Your goal: Only one stretch of the data below is wanted: the lines starting at the one with "roots_eq_positive_union_negative(2)])" and ending at the one with "text \<open>The Dunkl", both included, given again exactly.

════════════════════

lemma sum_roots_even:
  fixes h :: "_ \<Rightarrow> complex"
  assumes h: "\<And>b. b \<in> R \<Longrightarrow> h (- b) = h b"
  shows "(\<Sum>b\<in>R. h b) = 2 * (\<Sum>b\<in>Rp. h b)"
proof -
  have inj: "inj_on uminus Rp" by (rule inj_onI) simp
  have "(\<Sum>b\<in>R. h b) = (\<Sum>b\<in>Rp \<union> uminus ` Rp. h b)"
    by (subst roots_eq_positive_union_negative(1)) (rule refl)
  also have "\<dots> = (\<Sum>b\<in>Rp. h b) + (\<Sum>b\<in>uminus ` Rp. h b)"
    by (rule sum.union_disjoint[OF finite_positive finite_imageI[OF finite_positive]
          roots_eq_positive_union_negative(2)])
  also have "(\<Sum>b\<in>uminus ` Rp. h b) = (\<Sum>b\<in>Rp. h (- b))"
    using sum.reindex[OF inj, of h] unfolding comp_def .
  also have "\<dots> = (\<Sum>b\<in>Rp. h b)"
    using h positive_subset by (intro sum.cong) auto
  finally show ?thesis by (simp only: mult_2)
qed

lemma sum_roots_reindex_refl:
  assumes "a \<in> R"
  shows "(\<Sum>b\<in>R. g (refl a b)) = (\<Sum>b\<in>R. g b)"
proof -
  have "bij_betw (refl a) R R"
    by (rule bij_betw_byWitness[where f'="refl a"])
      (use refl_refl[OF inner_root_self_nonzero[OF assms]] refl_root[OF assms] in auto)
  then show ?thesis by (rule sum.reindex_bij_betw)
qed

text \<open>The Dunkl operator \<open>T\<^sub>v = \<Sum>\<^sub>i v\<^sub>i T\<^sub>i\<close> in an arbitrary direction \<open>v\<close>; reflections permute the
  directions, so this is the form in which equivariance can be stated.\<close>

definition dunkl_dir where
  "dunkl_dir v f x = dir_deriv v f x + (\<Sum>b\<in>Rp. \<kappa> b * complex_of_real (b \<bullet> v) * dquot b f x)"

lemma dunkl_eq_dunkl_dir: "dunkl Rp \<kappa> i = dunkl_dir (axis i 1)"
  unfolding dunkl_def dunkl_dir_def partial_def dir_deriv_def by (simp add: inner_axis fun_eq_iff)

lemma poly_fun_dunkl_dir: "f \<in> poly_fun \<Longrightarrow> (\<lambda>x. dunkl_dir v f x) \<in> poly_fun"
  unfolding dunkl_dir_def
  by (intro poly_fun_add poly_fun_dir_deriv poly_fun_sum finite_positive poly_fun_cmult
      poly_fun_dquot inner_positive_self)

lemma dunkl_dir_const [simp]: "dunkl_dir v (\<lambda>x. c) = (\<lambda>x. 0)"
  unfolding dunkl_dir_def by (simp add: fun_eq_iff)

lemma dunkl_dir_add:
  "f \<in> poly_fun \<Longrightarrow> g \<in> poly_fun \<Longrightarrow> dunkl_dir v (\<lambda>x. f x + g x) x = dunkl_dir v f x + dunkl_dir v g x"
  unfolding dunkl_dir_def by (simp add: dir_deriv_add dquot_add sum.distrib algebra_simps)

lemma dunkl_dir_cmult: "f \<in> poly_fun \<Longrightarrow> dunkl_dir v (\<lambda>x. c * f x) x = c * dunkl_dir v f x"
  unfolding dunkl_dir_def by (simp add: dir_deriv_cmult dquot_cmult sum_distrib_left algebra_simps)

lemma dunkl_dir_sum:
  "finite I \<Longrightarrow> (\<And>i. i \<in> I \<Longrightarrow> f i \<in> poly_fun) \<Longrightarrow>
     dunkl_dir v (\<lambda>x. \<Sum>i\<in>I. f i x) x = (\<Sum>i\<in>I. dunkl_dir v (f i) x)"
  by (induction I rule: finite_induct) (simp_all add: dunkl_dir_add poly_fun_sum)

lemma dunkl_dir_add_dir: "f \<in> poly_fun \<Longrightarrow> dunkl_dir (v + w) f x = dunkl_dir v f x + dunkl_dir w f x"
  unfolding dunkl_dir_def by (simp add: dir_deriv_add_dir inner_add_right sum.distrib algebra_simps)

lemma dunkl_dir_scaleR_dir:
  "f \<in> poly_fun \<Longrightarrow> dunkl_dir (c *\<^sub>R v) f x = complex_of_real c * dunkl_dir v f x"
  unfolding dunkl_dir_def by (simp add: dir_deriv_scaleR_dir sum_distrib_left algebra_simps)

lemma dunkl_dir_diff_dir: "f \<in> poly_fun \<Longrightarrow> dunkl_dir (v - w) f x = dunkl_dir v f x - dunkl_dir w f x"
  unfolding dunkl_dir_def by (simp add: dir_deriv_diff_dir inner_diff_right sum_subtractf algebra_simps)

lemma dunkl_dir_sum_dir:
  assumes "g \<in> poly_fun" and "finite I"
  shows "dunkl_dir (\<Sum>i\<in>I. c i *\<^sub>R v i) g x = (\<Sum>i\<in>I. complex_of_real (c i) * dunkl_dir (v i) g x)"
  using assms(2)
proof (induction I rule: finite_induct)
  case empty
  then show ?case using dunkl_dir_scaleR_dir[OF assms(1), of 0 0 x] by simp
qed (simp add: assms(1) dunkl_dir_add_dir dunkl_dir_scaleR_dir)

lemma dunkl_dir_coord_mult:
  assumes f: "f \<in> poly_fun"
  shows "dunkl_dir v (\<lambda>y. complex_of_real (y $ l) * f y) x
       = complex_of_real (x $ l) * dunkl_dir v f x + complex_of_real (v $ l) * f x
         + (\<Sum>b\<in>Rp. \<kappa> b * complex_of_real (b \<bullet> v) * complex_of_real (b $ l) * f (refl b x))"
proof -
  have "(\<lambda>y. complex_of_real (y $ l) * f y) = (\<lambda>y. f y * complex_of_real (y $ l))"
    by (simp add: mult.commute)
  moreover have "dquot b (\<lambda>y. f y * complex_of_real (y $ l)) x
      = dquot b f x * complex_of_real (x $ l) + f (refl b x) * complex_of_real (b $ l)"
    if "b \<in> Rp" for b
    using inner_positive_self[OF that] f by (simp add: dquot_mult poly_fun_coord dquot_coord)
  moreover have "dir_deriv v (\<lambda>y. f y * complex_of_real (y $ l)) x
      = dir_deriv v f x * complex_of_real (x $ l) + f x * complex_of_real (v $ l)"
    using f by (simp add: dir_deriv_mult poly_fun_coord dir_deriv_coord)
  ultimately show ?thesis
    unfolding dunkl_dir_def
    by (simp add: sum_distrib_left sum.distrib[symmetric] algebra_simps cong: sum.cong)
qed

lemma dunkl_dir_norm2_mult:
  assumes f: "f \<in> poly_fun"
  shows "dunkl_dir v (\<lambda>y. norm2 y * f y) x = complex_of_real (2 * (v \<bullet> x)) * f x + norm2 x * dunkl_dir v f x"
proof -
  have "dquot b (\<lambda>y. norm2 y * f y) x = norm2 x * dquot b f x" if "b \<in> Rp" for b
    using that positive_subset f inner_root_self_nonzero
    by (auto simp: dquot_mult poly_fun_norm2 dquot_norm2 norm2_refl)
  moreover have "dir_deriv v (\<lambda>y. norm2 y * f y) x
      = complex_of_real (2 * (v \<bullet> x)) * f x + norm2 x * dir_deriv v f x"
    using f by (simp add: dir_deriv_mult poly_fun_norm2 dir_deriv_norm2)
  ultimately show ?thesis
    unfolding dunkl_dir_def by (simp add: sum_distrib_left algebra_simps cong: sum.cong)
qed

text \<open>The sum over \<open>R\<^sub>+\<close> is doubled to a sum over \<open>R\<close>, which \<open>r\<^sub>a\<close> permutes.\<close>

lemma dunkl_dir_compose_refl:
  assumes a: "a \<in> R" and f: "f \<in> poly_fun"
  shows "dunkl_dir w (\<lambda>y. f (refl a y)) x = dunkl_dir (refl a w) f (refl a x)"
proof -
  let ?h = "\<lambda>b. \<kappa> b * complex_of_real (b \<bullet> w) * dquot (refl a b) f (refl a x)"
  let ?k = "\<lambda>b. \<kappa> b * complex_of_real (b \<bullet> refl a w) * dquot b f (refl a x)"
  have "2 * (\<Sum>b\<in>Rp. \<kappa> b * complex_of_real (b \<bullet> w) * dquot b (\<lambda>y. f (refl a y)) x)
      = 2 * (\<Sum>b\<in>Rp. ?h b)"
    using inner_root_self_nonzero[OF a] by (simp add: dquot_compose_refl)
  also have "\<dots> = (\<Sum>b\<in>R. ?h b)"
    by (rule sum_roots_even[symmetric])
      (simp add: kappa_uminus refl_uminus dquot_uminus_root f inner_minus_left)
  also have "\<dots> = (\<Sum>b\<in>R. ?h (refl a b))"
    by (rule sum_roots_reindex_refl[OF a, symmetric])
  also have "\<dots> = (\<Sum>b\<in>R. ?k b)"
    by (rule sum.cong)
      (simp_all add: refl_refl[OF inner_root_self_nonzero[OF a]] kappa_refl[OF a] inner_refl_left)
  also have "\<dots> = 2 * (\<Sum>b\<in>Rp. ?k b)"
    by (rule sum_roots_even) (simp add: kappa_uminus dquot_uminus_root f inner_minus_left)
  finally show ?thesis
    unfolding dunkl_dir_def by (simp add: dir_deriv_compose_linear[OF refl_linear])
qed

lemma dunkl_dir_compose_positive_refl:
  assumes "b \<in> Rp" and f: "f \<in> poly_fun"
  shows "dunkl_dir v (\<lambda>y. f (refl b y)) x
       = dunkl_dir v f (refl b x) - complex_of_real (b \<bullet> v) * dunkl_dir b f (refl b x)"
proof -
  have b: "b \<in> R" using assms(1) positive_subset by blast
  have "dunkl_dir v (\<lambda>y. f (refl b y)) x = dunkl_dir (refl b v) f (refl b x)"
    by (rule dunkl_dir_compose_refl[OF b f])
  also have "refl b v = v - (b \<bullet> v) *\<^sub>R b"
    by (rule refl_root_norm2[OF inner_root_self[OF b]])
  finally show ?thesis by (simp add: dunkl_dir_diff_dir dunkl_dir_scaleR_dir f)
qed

════════════════════

Solution:
          roots_eq_positive_union_negative(2)])
  also have "(\<Sum>b\<in>uminus ` Rp. h b) = (\<Sum>b\<in>Rp. h (- b))"
    using sum.reindex[OF inj, of h] unfolding comp_def .
  also have "\<dots> = (\<Sum>b\<in>Rp. h b)"
    using h positive_subset by (intro sum.cong) auto
  finally show ?thesis by (simp only: mult_2)
qed

lemma sum_roots_reindex_refl:
  assumes "a \<in> R"
  shows "(\<Sum>b\<in>R. g (refl a b)) = (\<Sum>b\<in>R. g b)"
proof -
  have "bij_betw (refl a) R R"
    by (rule bij_betw_byWitness[where f'="refl a"])
      (use refl_refl[OF inner_root_self_nonzero[OF assms]] refl_root[OF assms] in auto)
  then show ?thesis by (rule sum.reindex_bij_betw)
qed

text \<open>The Dunkl operator \<open>T\<^sub>v = \<Sum>\<^sub>i v\<^sub>i T\<^sub>i\<close> in an arbitrary direction \<open>v\<close>; reflections permute the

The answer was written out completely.